Мужчины вытащили бессознательно Петра из подвала, тело того покрывал слой сажи и пыли. Из-под приоткрытых век виднелись белые мутные белки. Тошнота стала настойчивее, подступая к горлу. Коротышку буквально свалили на диван, и его безвольные руки свешивались до пола. Дая приложила к голове мужчины с обожженными волосами ладонь. Через мгновение тот распахнул глаза и вытаращился, не в силах пошевелиться. Вероятно, его обездвижили.
Люка присел рядом с Петром на корточки и тихо вымолвил:
— Я не буду тебе перекрывать энергию. Пока. Только потому, что ты должен вернуться к Оскару и сказать, что мы погибли. Все. И забыть о нас.
От его тона даже у слона побежали бы мурашки. Петр дико завращал глазами.
— Я рад, что ты понял меня. — Кивнул Люк. — Ты знаешь, что я вернусь…
— Давайте его сотрем. — Миролюбиво предложила Дая, шокировав меня.
Вот уж никак не могла подозревать хохотушку в кровожадности.
— Дорогая, — мягко перебил ее Борис, — я отвезу его к участку хранителей в город.
Глаза Петра стали еще больше. Предложение ему оказалось настолько не по вкусу, что мы все дружно закивали.
— Сейчас залечим раны Люка и отвезем. — Дая просияла. — Знаете, ребят, я так рада, что вы приехали. Хоть какое-то развлечение, а то в деревне совсем кисло…
— Она точно безумна, — пробормотала я.
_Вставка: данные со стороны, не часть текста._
(* Let $p,q\ge1$ be integers and $\varepsilon>\varepsilon_{\mathrm{sat}}$, and let $Q=Q(\varepsilon,p,q)$. Then there is a subset $A\subseteq H_{\mathrm{train}}$ with $|A|\le10\,p/Q$ such that $\Omega_E\subseteq V_\varepsilon(A)$.
   Context: Let $\mathbb{T}^1=\mathbb{R}/\mathbb{Z}$; for $x\in\mathbb{R}$ write $\|x\|=\min_{m\in\mathbb{Z}}|x-m|$, and $B(z,\varepsilon)=\{x\in\mathbb{T}^1:\|x-z\|<\varepsilon\}$. For finite $D\subseteq\mathbb{T}^1$ set $V_\varepsilon(D)=\bigcup_{x\in D}B(x,\varepsilon)$. Let $H_{\mathrm{train}}=\{j/q\bmod1:0\le j<q\}$, $\Omega_E=\{k/p\bmod1:0\le k<p\}$, $g=\gcd(p,q)$, $s=p/g$, $L=\mathrm{lcm}(p,q)$, $\varepsilon_{\mathrm{sat}}=\lfloor s/2\rfloor/L$. The reachable-center packing factor is $Q(\varepsilon,p,q)=\max_{z\in\Omega_E+H_{\mathrm{train}}}|\Omega_E\cap B(z,\varepsilon)|$, where $\Omega_E+H_{\mathrm{train}}=\{k/p+j/q\bmod1:0\le k<p,0\le j<q\}$. *)

theory Defs
  imports Complex_Main
begin

text \<open>Points of the circle T^1 = R/Z are represented by their canonical
representatives in [0,1), i.e. via frac.\<close>

definition circ_norm :: "real \<Rightarrow> real" where
  "circ_norm x = (INF m::int. \<bar>x - of_int m\<bar>)"

definition circ_ball :: "real \<Rightarrow> real \<Rightarrow> real set" where
  "circ_ball z \<epsilon> = {x. 0 \<le> x \<and> x < 1 \<and> circ_norm (x - z) < \<epsilon>}"

definition V_eps :: "real \<Rightarrow> real set \<Rightarrow> real set" where
  "V_eps \<epsilon> D = (\<Union>x\<in>D. circ_ball x \<epsilon>)"

definition H_train :: "nat \<Rightarrow> real set" where
  "H_train q = {frac (real j / real q) | j. j < q}"

definition Omega_E :: "nat \<Rightarrow> real set" where
  "Omega_E p = {frac (real k / real p) | k. k < p}"

definition sumset :: "nat \<Rightarrow> nat \<Rightarrow> real set" where
  "sumset p q = {frac (real k / real p + real j / real q) | k j. k < p \<and> j < q}"

definition eps_sat :: "nat \<Rightarrow> nat \<Rightarrow> real" where
  "eps_sat p q = real ((p div gcd p q) div 2) / real (lcm p q)"

definition packQ :: "real \<Rightarrow> nat \<Rightarrow> nat \<Rightarrow> nat" where
  "packQ \<epsilon> p q = Max ((\<lambda>z. card (Omega_E p \<inter> circ_ball z \<epsilon>)) ` sumset p q)"

end

theory Submission
  imports Defs
begin

(* An arc of length 2 eps contains at most 2 eps p + 1 points of Omega_E, so
   Q <= min(p, 2 eps p + 1). Two covers by centres in H_train then suffice.

   Since k/p - j/q = (k t - j s) / lcm(p, q) with s = p/g, t = q/g, every point of
   Omega_E lies within eps_sat of a multiple of 1/q; picking one such centre per point
   covers Omega_E by at most min(p, q) centres. This is enough when eps p < 1/2
   (then Q = 1) or eps q <= 9/2 (then |A| Q <= 2 eps p q + p <= 10 p).

   Otherwise the grid {i m / q} with m = floor(eps q) covers the whole circle with at
   most q/m + 1 <= 2/eps + 1 centres, and (2/eps + 1) Q <= 9 p because Q <= 4 eps p
   (as eps p >= 1/2) and Q <= p. *)

lemma circ_norm_less_iff: "circ_norm x < e \<longleftrightarrow> (\<exists>m::int. \<bar>x - of_int m\<bar> < e)"
proof -
  have "bdd_below (range (\<lambda>m::int. \<bar>x - of_int m\<bar>))"
    by (rule bdd_belowI[where m = 0]) auto
  then show ?thesis
    unfolding circ_norm_def by (simp add: cINF_less_iff)
qed

lemma mem_V_eps_frac:
  assumes "0 \<le> x" "x < 1" "\<bar>x - y\<bar> < \<epsilon>" "frac y \<in> A"
  shows "x \<in> V_eps \<epsilon> A"
proof -
  have "\<bar>x - frac y - of_int \<lfloor>y\<rfloor>\<bar> < \<epsilon>"
    using assms(3) by (simp add: frac_def)
  then have "x \<in> circ_ball (frac y) \<epsilon>"
    unfolding circ_ball_def using assms(1,2) circ_norm_less_iff by blast
  then show ?thesis
    unfolding V_eps_def using assms(4) by blast
qed

lemma frac_of_nat_div:
  assumes "k < p"
  shows "frac (real k / real p) = real k / real p"
  using assms by (simp add: frac_eq)

lemma Omega_E_eq: "Omega_E p = (\<lambda>k. real k / real p) ` {..<p}"
  unfolding Omega_E_def lessThan_def setcompr_eq_image
  by (rule image_cong) (simp_all add: frac_of_nat_div)

lemma H_train_eq: "H_train q = (\<lambda>j. frac (real j / real q)) ` {..<q}"
  unfolding H_train_def lessThan_def setcompr_eq_image ..

lemma frac_div_in_H_train:
  assumes "q \<ge> 1"
  shows "frac (real j / real q) \<in> H_train q"
proof -
  have "real j / real q = real (j mod q) / real q + real (j div q)"
  proof -
    have "real j = real (j mod q) + real q * real (j div q)"
      by (metis add.commute div_mult_mod_eq mult.commute of_nat_add of_nat_mult)
    then show ?thesis
      using assms by (simp add: field_simps)
  qed
  then have "frac (real j / real q) = frac (real (j mod q) / real q)"
    by (simp add: frac_add_int_right)
  moreover have "j mod q < q"
    using assms by simp
  ultimately show ?thesis
    unfolding H_train_def by blast
qed

lemma finite_H_train: "finite (H_train q)"
  by (simp add: H_train_eq)

lemma card_H_train_le: "card (H_train q) \<le> q"
  unfolding H_train_eq using card_image_le by fastforce

lemma Omega_E_subset: "Omega_E p \<subseteq> {0..<1}"
  by (auto simp: Omega_E_eq)

lemma card_ints_in_ball_le:
  assumes "r \<ge> 0"
  shows "real (card {i::int. \<bar>of_int i - c\<bar> < r}) \<le> 2 * r + 1"
proof -
  have "{i::int. \<bar>of_int i - c\<bar> < r} \<subseteq> {\<lceil>c - r\<rceil>..\<lfloor>c + r\<rfloor>}"
    by (auto simp: ceiling_le_iff le_floor_iff)
  then have "card {i::int. \<bar>of_int i - c\<bar> < r} \<le> card {\<lceil>c - r\<rceil>..\<lfloor>c + r\<rfloor>}"
    by (rule card_mono[rotated]) simp
  moreover have "real (card {\<lceil>c - r\<rceil>..\<lfloor>c + r\<rfloor>}) \<le> 2 * r + 1"
  proof (cases "\<lceil>c - r\<rceil> \<le> \<lfloor>c + r\<rfloor>")
    case True
    then have "real (card {\<lceil>c - r\<rceil>..\<lfloor>c + r\<rfloor>}) = of_int (\<lfloor>c + r\<rfloor> - \<lceil>c - r\<rceil> + 1)"
      by simp
    then show ?thesis
      by linarith
  qed (use assms in simp)
  ultimately show ?thesis
    by linarith
qed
Люк ухмыльнулся и закатил глаза, пожав плечами.
— Я все слышу! — Пел голосок Даи.
На кухне она развела воду с сахаром, а потом принялась протирать тряпицей, смоченной в растворе, царапины Люка. Оттого, как ткань моментально пропитывалась кровью, словно вытягивала ее из ранок, у меня закружилась голова. Вид крови доводил меня до безумия.
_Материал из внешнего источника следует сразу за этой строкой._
(* Let $F:\mathbb{R}^d\to\mathbb{R}$ be Lipschitz continuous with constant $L_0$, i.e. $|F(\theta_1)-F(\theta_2)|\le L_0\|\theta_1-\theta_2\|$ for all $\theta_1,\theta_2$. For $\eta>0$ define the Gaussian smoothing $$F_\eta(\theta)=\frac{1}{(2\pi)^{d/2}}\int_{\mathbb{R}^d}F(\theta+\eta v)\,e^{-\frac12\|v\|^2}\,dv=\mathbb{E}_v[F(\theta+\eta v)],$$ where $v\sim\mathcal{N}(0,I_d)$; $F_\eta$ is differentiable with $\nabla F_\eta(\theta)=\mathbb{E}_v\!\left[\frac{F(\theta+\eta v)-F(\theta)}{\eta}\,v\right]$. Then for any $\eta_1,\eta_2>0$ and any $\theta\in\mathbb{R}^d$, $$\|\nabla F_{\eta_2}(\theta)-\nabla F_{\eta_1}(\theta)\|\le\frac{2L_0\,d\,|\eta_2-\eta_1|}{\eta_2}.$$
   Context: $\|\cdot\|$ denotes the Euclidean norm on $\mathbb{R}^d$, and $v$ is a standard Gaussian random vector in $\mathbb{R}^d$ (mean zero, identity covariance). *)

theory Defs
  imports "HOL-Analysis.Analysis"
begin

definition gauss_density :: "'a::euclidean_space \<Rightarrow> real" where
  "gauss_density v = (2 * pi) powr (- real DIM('a) / 2) * exp (- (norm v)\<^sup>2 / 2)"

definition gauss_smooth :: "('a::euclidean_space \<Rightarrow> real) \<Rightarrow> real \<Rightarrow> 'a \<Rightarrow> real" where
  "gauss_smooth F \<eta> \<theta> = (LINT v|lborel. F (\<theta> + \<eta> *\<^sub>R v) * gauss_density v)"

end

(*
  Only the existence of the two gradients is assumed, so the argument works with difference
  quotients instead of the integral formula for the gradient of a Gaussian smoothing.

  Put c = eta1 / eta2. Rescaling the argument of F around theta by c turns the eta1-smoothing
  of F into the eta2-smoothing of F_c = F (theta + c (. - theta)), whose gradient at theta is
  c g1. Since F_c - F grows at most like L0 |c - 1| |y - theta| away from theta, it suffices to
  bound gradients of smoothings: if |G y - G x| <= K |y - x|, then the gradient of G_eta at x
  has norm at most K (d + 1) / 2. For this, G_eta (x + eta a) - G_eta x is the integral of
  (G (x + eta w) - G x) (phi (w - a) - phi w); by AM-GM the weight |w| |phi (w - a) - phi w| is
  controlled by the second moment d of phi and by the chi-square distance exp |a|^2 - 1
  between phi and its shift, which is O(|a|^2) as a tends to 0. Together with
  |g1| <= L0 (d + 1) / 2 this gives |g2 - g1| <= L0 |c - 1| (d + 1) <= 2 L0 d |c - 1|.
*)

theory Submission
  imports Defs "HOL-Probability.Distributions"
begin

section \<open>Moments and shifts of the standard Gaussian density\<close>

lemma gauss_density_pos: "0 < gauss_density v"
  by (simp add: gauss_density_def)

lemma gauss_density_measurable [measurable]: "gauss_density \<in> borel_measurable borel"
  unfolding gauss_density_def[abs_def] by measurable

lemma power2_norm_eq_sum_Basis:
  fixes w :: "'a::euclidean_space"
  shows "(norm w)\<^sup>2 = (\<Sum>b\<in>Basis. (w \<bullet> b)\<^sup>2)"
  unfolding power2_norm_eq_inner by (subst euclidean_inner) (simp add: power2_eq_square)

lemma gauss_density_eq_prod:
  fixes w :: "'a::euclidean_space"
  shows "gauss_density w = (\<Prod>b\<in>Basis. std_normal_density (w \<bullet> b))"
proof -
  have "(1 / sqrt (2 * pi)) ^ DIM('a) = ((2 * pi) powr (- 1 / 2)) ^ DIM('a)"
    by (simp add: powr_minus_divide powr_half_sqrt)
  also have "\<dots> = (2 * pi) powr (- real DIM('a) / 2)"
    by (subst powr_power) simp_all
  finally have "(2 * pi) powr (- real DIM('a) / 2) = (1 / sqrt (2 * pi)) ^ DIM('a)" ..
  moreover have "exp (- (norm w)\<^sup>2 / 2) = (\<Prod>b\<in>Basis. exp (- (w \<bullet> b)\<^sup>2 / 2))"
    by (simp add: power2_norm_eq_sum_Basis exp_sum[symmetric] sum_negf sum_divide_distrib)
  ultimately show ?thesis
    by (simp add: gauss_density_def std_normal_density_def prod_dividef power_one_over)
qed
— Ладно. — Почувствовав, как от лица отхлынули все краски, пробормотала я. — Пожалуй, подышу свежим воздухом.
Люк неохотно согласился, хмуро сведя брови у переносицы, и тут же болезненно поморщился от очередного компресса.
На улице из-за солнца стало немного теплее. Ветер совсем утих, и гора листьев у забора, собранная вечером Борисом, спокойно дожидалась сожжения. Я прогулялась по дорожке. Наверное, наше путешествие все равно закончилось бы ничем. Рома не мог сопротивляться своему сливочно-масляному рекламному раю. Жаль, что расстались мы на плохой ноте.
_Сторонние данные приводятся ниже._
(* Suppose $S\subseteq\mathbb{Z}^r$ is integrally-poised for polynomials of degree $n+1$. If $g$ is an integer-valued polynomial in $r$ variables of degree $n$, then there is an equality of subgroups of $\mathbb{Z}^r$: \[ \langle g(\mathbf{x})\mathbf{x}\mid \mathbf{x}\in\mathbb{Z}^r\rangle=\langle g(\mathbf{x})\mathbf{x}\mid \mathbf{x}\in S\rangle . \]
   Context: An integer-valued (numerical) polynomial is a polynomial $f\in\mathbb{Q}[x_1,\ldots,x_r]$ with $f(\mathbf{x})\in\mathbb{Z}$ for all $\mathbf{x}\in\mathbb{Z}^r$. A subset $S\subseteq\mathbb{Z}^r$ is integrally-poised for polynomials of degree $m$ if there exists a family of numerical polynomials $\{c_{\mathbf{a}}\}_{\mathbf{a}\in S}$ such that $f(\mathbf{x})=\sum_{\mathbf{a}\in S}c_{\mathbf{a}}(\mathbf{x})f(\mathbf{a})$ for all polynomials $f$ of degree $m$ and all $\mathbf{x}\in\mathbb{Z}^r$. *)

theory Defs
  imports Complex_Main
begin

text \<open>Points of Z^r are functions 'n \<Rightarrow> int for a finite index type 'n (r = CARD('n)).
  Multi-indices are functions 'n \<Rightarrow> nat; the total degree of alpha is sum alpha UNIV.\<close>

definition monomials_upto :: "nat \<Rightarrow> ('n::finite \<Rightarrow> nat) set" where
  "monomials_upto m = {alpha. sum alpha UNIV \<le> m}"

definition rat_poly_deg :: "nat \<Rightarrow> (('n::finite \<Rightarrow> int) \<Rightarrow> rat) \<Rightarrow> bool" where
  "rat_poly_deg m f \<longleftrightarrow> (\<exists>c :: ('n \<Rightarrow> nat) \<Rightarrow> rat. \<forall>x.
      f x = (\<Sum>alpha\<in>monomials_upto m. c alpha * (\<Prod>i\<in>UNIV. of_int (x i) ^ alpha i)))"

definition numerical_poly_deg :: "nat \<Rightarrow> (('n::finite \<Rightarrow> int) \<Rightarrow> int) \<Rightarrow> bool" where
  "numerical_poly_deg m g \<longleftrightarrow> rat_poly_deg m (\<lambda>x. of_int (g x))"

definition numerical_poly :: "(('n::finite \<Rightarrow> int) \<Rightarrow> int) \<Rightarrow> bool" where
  "numerical_poly g \<longleftrightarrow> (\<exists>m. numerical_poly_deg m g)"

definition integrally_poised :: "nat \<Rightarrow> ('n::finite \<Rightarrow> int) set \<Rightarrow> bool" where
  "integrally_poised m S \<longleftrightarrow> finite S \<and>
     (\<exists>c :: ('n \<Rightarrow> int) \<Rightarrow> ('n \<Rightarrow> int) \<Rightarrow> int.
        (\<forall>a\<in>S. numerical_poly (c a)) \<and>
        (\<forall>f. rat_poly_deg m f \<longrightarrow> (\<forall>x. f x = (\<Sum>a\<in>S. of_int (c a x) * f a))))"

definition zsubgroup :: "('n \<Rightarrow> int) set \<Rightarrow> bool" where
  "zsubgroup H \<longleftrightarrow> (\<lambda>_. 0) \<in> H \<and> (\<forall>a\<in>H. \<forall>b\<in>H. (\<lambda>i. a i - b i) \<in> H)"

definition zgen :: "('n \<Rightarrow> int) set \<Rightarrow> ('n \<Rightarrow> int) set" where
  "zgen A = \<Inter>{H. zsubgroup H \<and> A \<subseteq> H}"

end

theory Submission
  imports Defs "HOL-Library.FuncSet"
begin

text \<open>Interpolating the degree-(n+1) polynomial g(x) x_i with the integer-valued weights of S writes
  g(x) x as an integer combination of the vectors g(a) a with a in S, uniformly in the coordinate i.
  So every generator on the left lies in the group generated by the right-hand generators, and the
  converse inclusion is trivial. Only the integrality of the weights c_a(x) is used, not the fact
  that each c_a is a numerical polynomial.\<close>

lemma finite_monomials_upto: "finite (monomials_upto m :: ('n::finite \<Rightarrow> nat) set)"
proof (rule finite_subset)
  show "monomials_upto m \<subseteq> PiE (UNIV :: 'n set) (\<lambda>_. {..m})"
  proof
    fix a :: "'n \<Rightarrow> nat"
    assume "a \<in> monomials_upto m"
    then have "a j \<le> m" for j
      using member_le_sum[of j UNIV a] by (simp add: monomials_upto_def)
    then show "a \<in> PiE UNIV (\<lambda>_. {..m})" by auto
  qed
qed (simp add: finite_PiE)

lemma prod_power_fun_upd_Suc:
  fixes f :: "'n::finite \<Rightarrow> 'a::comm_monoid_mult"
  shows "(\<Prod>j\<in>UNIV. f j ^ (a(i := Suc (a i))) j) = (\<Prod>j\<in>UNIV. f j ^ a j) * f i"
proof -
  have "(\<Prod>j\<in>UNIV. f j ^ (a(i := Suc (a i))) j) = (\<Prod>j\<in>UNIV. f j ^ a j * (if j = i then f j else 1))"
    by (rule prod.cong) (auto simp: mult.commute)
  also have "\<dots> = (\<Prod>j\<in>UNIV. f j ^ a j) * f i"
    by (simp add: prod.distrib prod.delta)
  finally show ?thesis .
qed

lemma monomials_upto_Suc_image:
  "(\<lambda>a. a(i := Suc (a i))) ` monomials_upto m = {b \<in> monomials_upto (Suc m). 0 < b i}"
  (is "?f ` ?M = ?B")
proof (intro equalityI subsetI)
  fix b assume "b \<in> ?f ` ?M"
  then obtain a where "a \<in> ?M" "b = ?f a" by blast
  moreover have "sum (?f a) UNIV = Suc (sum a UNIV)"
    by (simp add: sum.remove[of UNIV i])
  ultimately show "b \<in> ?B" by (simp add: monomials_upto_def)
next
  fix b assume b: "b \<in> ?B"
  define a where "a = b(i := b i - 1)"
  have "sum b UNIV = Suc (sum a UNIV)"
    using b by (simp add: a_def sum.remove[of UNIV i])
  then have "a \<in> ?M" using b by (simp add: monomials_upto_def)
  moreover have "b = ?f a" using b by (auto simp: a_def)
  ultimately show "b \<in> ?f ` ?M" by blast
qed

lemma inj_fun_upd_Suc: "inj (\<lambda>a :: 'n \<Rightarrow> nat. a(i := Suc (a i)))"
proof (rule injI, rule ext)
  fix a b :: "'n \<Rightarrow> nat" and j
  assume h: "a(i := Suc (a i)) = b(i := Suc (b i))"
  from fun_cong[OF h, of j] fun_cong[OF h, of i] show "a j = b j" by (cases "j = i") auto
qed

lemma rat_poly_deg_mult_coordinate:
  assumes "rat_poly_deg m f"
  shows "rat_poly_deg (m + 1) (\<lambda>x. f x * of_int (x i))"
proof -
  from assms obtain c where c: "\<And>x. f x = (\<Sum>a\<in>monomials_upto m. c a * (\<Prod>j\<in>UNIV. of_int (x j) ^ a j))"
    unfolding rat_poly_deg_def by blast
  let ?f = "\<lambda>a :: 'a \<Rightarrow> nat. a(i := Suc (a i))"
  let ?M = "monomials_upto m :: ('a \<Rightarrow> nat) set"
  let ?M1 = "monomials_upto (Suc m) :: ('a \<Rightarrow> nat) set"
  define c' where "c' b = (if 0 < b i then c (b(i := b i - 1)) else 0)" for b :: "'a \<Rightarrow> nat"
  have "f x * of_int (x i) = (\<Sum>b\<in>?M1. c' b * (\<Prod>j\<in>UNIV. of_int (x j) ^ b j))" for x
  proof -
    let ?p = "\<lambda>b. \<Prod>j\<in>UNIV. (of_int (x j) :: rat) ^ b j"
    have "(\<Sum>b\<in>?M1. c' b * ?p b) = (\<Sum>b\<in>{b \<in> ?M1. 0 < b i}. c' b * ?p b)"
      by (rule sum.mono_neutral_right[OF finite_monomials_upto]) (auto simp: c'_def)
    also have "\<dots> = (\<Sum>a\<in>?M. c' (?f a) * ?p (?f a))"
      unfolding monomials_upto_Suc_image[symmetric]
      by (rule sum.reindex[OF inj_on_subset[OF inj_fun_upd_Suc], unfolded comp_def]) simp
    also have "\<dots> = (\<Sum>a\<in>?M. c a * ?p a * of_int (x i))"
    proof (rule sum.cong[OF refl])
      fix a
      show "c' (?f a) * ?p (?f a) = c a * ?p a * of_int (x i)"
        using prod_power_fun_upd_Suc[of "\<lambda>j. of_int (x j) :: rat" a i] by (simp add: c'_def mult.assoc)
    qed
    also have "\<dots> = f x * of_int (x i)"
      by (simp add: c sum_distrib_right)
    finally show ?thesis by simp
  qed
  then show ?thesis unfolding rat_poly_deg_def Suc_eq_plus1[symmetric] by blast
qed

lemma numerical_poly_deg_mult_coordinate:
  "numerical_poly_deg m g \<Longrightarrow> numerical_poly_deg (m + 1) (\<lambda>x. g x * x i)"
  unfolding numerical_poly_deg_def using rat_poly_deg_mult_coordinate by fastforce

lemma integrally_poised_interpolation:
  assumes "integrally_poised m S"
  obtains c where "\<And>h x. numerical_poly_deg m h \<Longrightarrow> h x = (\<Sum>a\<in>S. c a x * h a)"
proof -
  from assms obtain c where c: "\<And>f x. rat_poly_deg m f \<Longrightarrow> f x = (\<Sum>a\<in>S. of_int (c a x) * f a)"
    unfolding integrally_poised_def by blast
  have "h x = (\<Sum>a\<in>S. c a x * h a)" if "numerical_poly_deg m h" for h x
  proof -
    have "rat_poly_deg m (\<lambda>y. of_int (h y))"
      using that unfolding numerical_poly_deg_def .
    then have "(of_int (h x) :: rat) = (\<Sum>a\<in>S. of_int (c a x) * of_int (h a))"
      by (rule c)
    then show ?thesis
      by (simp flip: of_int_eq_iff[where 'a = rat])
  qed
  then show ?thesis by (rule that)
qed

lemma zsubgroup_zero: "zsubgroup H \<Longrightarrow> (\<lambda>_. 0) \<in> H"
  unfolding zsubgroup_def by blast

lemma zsubgroup_diff: "zsubgroup H \<Longrightarrow> v \<in> H \<Longrightarrow> w \<in> H \<Longrightarrow> (\<lambda>i. v i - w i) \<in> H"
  unfolding zsubgroup_def by blast

lemma zsubgroup_uminus: "zsubgroup H \<Longrightarrow> v \<in> H \<Longrightarrow> (\<lambda>i. - v i) \<in> H"
  using zsubgroup_diff[OF _ zsubgroup_zero] by fastforce

lemma zsubgroup_add: "zsubgroup H \<Longrightarrow> v \<in> H \<Longrightarrow> w \<in> H \<Longrightarrow> (\<lambda>i. v i + w i) \<in> H"
  using zsubgroup_diff[of H v "\<lambda>i. - w i"] zsubgroup_uminus[of H w] by simp

lemma zsubgroup_scale_nat: "zsubgroup H \<Longrightarrow> v \<in> H \<Longrightarrow> (\<lambda>i. int k * v i) \<in> H"
proof (induction k)
  case 0
  then show ?case using zsubgroup_zero by simp
next
  case (Suc k)
  then have "(\<lambda>i. int k * v i + v i) \<in> H" using zsubgroup_add by blast
  then show ?case by (simp add: algebra_simps)
qed

lemma zsubgroup_scale: "zsubgroup H \<Longrightarrow> v \<in> H \<Longrightarrow> (\<lambda>i. k * v i) \<in> H"
proof (cases "k \<ge> 0")
  case True
  then show "zsubgroup H \<Longrightarrow> v \<in> H \<Longrightarrow> ?thesis"
    using zsubgroup_scale_nat[of H v "nat k"] by simp
next
  case False
  then show "zsubgroup H \<Longrightarrow> v \<in> H \<Longrightarrow> ?thesis"
    using zsubgroup_uminus[OF _ zsubgroup_scale_nat[of H v "nat (- k)"]] by simp
qed

lemma zsubgroup_sum:
  assumes "zsubgroup H" "\<And>a. a \<in> S \<Longrightarrow> v a \<in> H"
  shows "(\<lambda>i. \<Sum>a\<in>S. k a * v a i) \<in> H"
  using assms(2)
proof (induction S rule: infinite_finite_induct)
  case (insert a F)
  then have "(\<lambda>i. k a * v a i + (\<Sum>a\<in>F. k a * v a i)) \<in> H"
    using zsubgroup_add[OF assms(1) zsubgroup_scale[OF assms(1)]] by blast
  then show ?case using insert by simp
qed (use assms(1) zsubgroup_zero in auto)

lemma zsubgroup_zgen: "zsubgroup (zgen A)"
  unfolding zsubgroup_def zgen_def using zsubgroup_zero zsubgroup_diff by blast

lemma zgen_least: "zsubgroup H \<Longrightarrow> A \<subseteq> H \<Longrightarrow> zgen A \<subseteq> H"
  unfolding zgen_def by blast

lemma zgen_superset: "A \<subseteq> zgen A"
  unfolding zgen_def by blast

lemma zgen_mono: "A \<subseteq> B \<Longrightarrow> zgen A \<subseteq> zgen B"
  using zgen_least[OF zsubgroup_zgen] zgen_superset by blast

lemma zgen_range_eq_zgen_image:
  assumes "\<And>x. \<exists>k. v x = (\<lambda>i. \<Sum>a\<in>S. k a * v a i)"
  shows "zgen (range v) = zgen (v ` S)"
proof
  have "v x \<in> zgen (v ` S)" for x
  proof -
    obtain k where "v x = (\<lambda>i. \<Sum>a\<in>S. k a * v a i)" using assms by blast
    also have "\<dots> \<in> zgen (v ` S)"
      by (rule zsubgroup_sum[OF zsubgroup_zgen]) (simp add: zgen_superset[THEN subsetD])
    finally show ?thesis .
  qed
  then show "zgen (range v) \<subseteq> zgen (v ` S)"
    by (intro zgen_least[OF zsubgroup_zgen]) blast
qed (simp add: zgen_mono image_mono)

theorem proposition3p4:
  fixes S :: "('n::finite \<Rightarrow> int) set" and g :: "('n \<Rightarrow> int) \<Rightarrow> int" and n :: nat
  assumes "integrally_poised (n + 1) S"
    and "numerical_poly_deg n g"
  shows "zgen ((\<lambda>x. (\<lambda>i. g x * x i)) ` UNIV) = zgen ((\<lambda>x. (\<lambda>i. g x * x i)) ` S)"
proof (rule zgen_range_eq_zgen_image)
  obtain c where c: "\<And>h x. numerical_poly_deg (n + 1) h \<Longrightarrow> h x = (\<Sum>a\<in>S. c a x * h a)"
    using integrally_poised_interpolation[OF assms(1)] by blast
  fix x
  have "g x * x i = (\<Sum>a\<in>S. c a x * (g a * a i))" for i
    using c[OF numerical_poly_deg_mult_coordinate[OF assms(2)]] .
  then show "\<exists>k. (\<lambda>i. g x * x i) = (\<lambda>i. \<Sum>a\<in>S. k a * (g a * a i))"
    by (intro exI[of _ "\<lambda>a. c a x"]) (simp add: fun_eq_iff)
qed

end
— Женя! — Услышала я приглушенный шепот и резко оглянулась. Всего в пяти шагах от меня стоял Роман. Признаться, парень сильно меня напугал: на мертвенно-белом лице горели два темных глаза, ярко-алые губы сложились в горькую линию.
— Рома! — Подходить не хотелось. Я испуганно оглянулась на дом, и хотела крикнуть Люка.
— Подожди! — Лихорадочно зашептал он, замахав руками. — Не зови его! Я пришел сказать "прощай".
— Прощай! — Я попятилась, Рома сделал в мою сторону широкий шаг.
В нос ударил резкий запах, от которого к горлу подкатила тошнота. Перед глазами потемнело, двор, строения, забор, фигура парня стали черно-белыми, с ярко очертанными контурами, словно в телевизоре, где экран настроили на слишком большую резкость.
— Идем со мной! — Шептали губы Ромы.
К собственному ужасу я поняла, что подчиняюсь. Хватаюсь за его протянутую ледяную руку, и внутри разгорается странная злая радость. Ватные ноги направились куда-то. А потом сознание потухло…
Вокруг шуршали листья, лес зачарованно молчал. Чужая холодная рука сжимала мои пальцы и тянула куда-то через валежины и поваленные деревья. Ноги ныли, как после долгой ходьбы, колени сами разгибались, заставляя совершить очередной шаг. Я пошире открыла глаза, голова включилась, будто где-то внутри щелкнул рубильник. Передо мной шел Роман, крепко державший меня за руку. Часто моргая, я диковато озиралась, страшась подать голос.
Что он со мной сделал? В этом страшном мире, любой мог сотворить подлость: обездвижить, заморочить. В висках стучалась резкая боль, горло пересохло так сильно, что дыхание доставляло боль.
— Уже скоро. — Бормотал Рома. — Скоро.
Он оглянулся, и меня охватил ужас. Его глаза были глазами безумца — ни мысли, ни чувств, одна бесконечная пропасть в расширенных застывших зрачках.
— Женя, мы почти дошли. — Руку саднило, так сильно парень сжимал ее.
— Смотри! — Он остановился, заставляя и меня встать.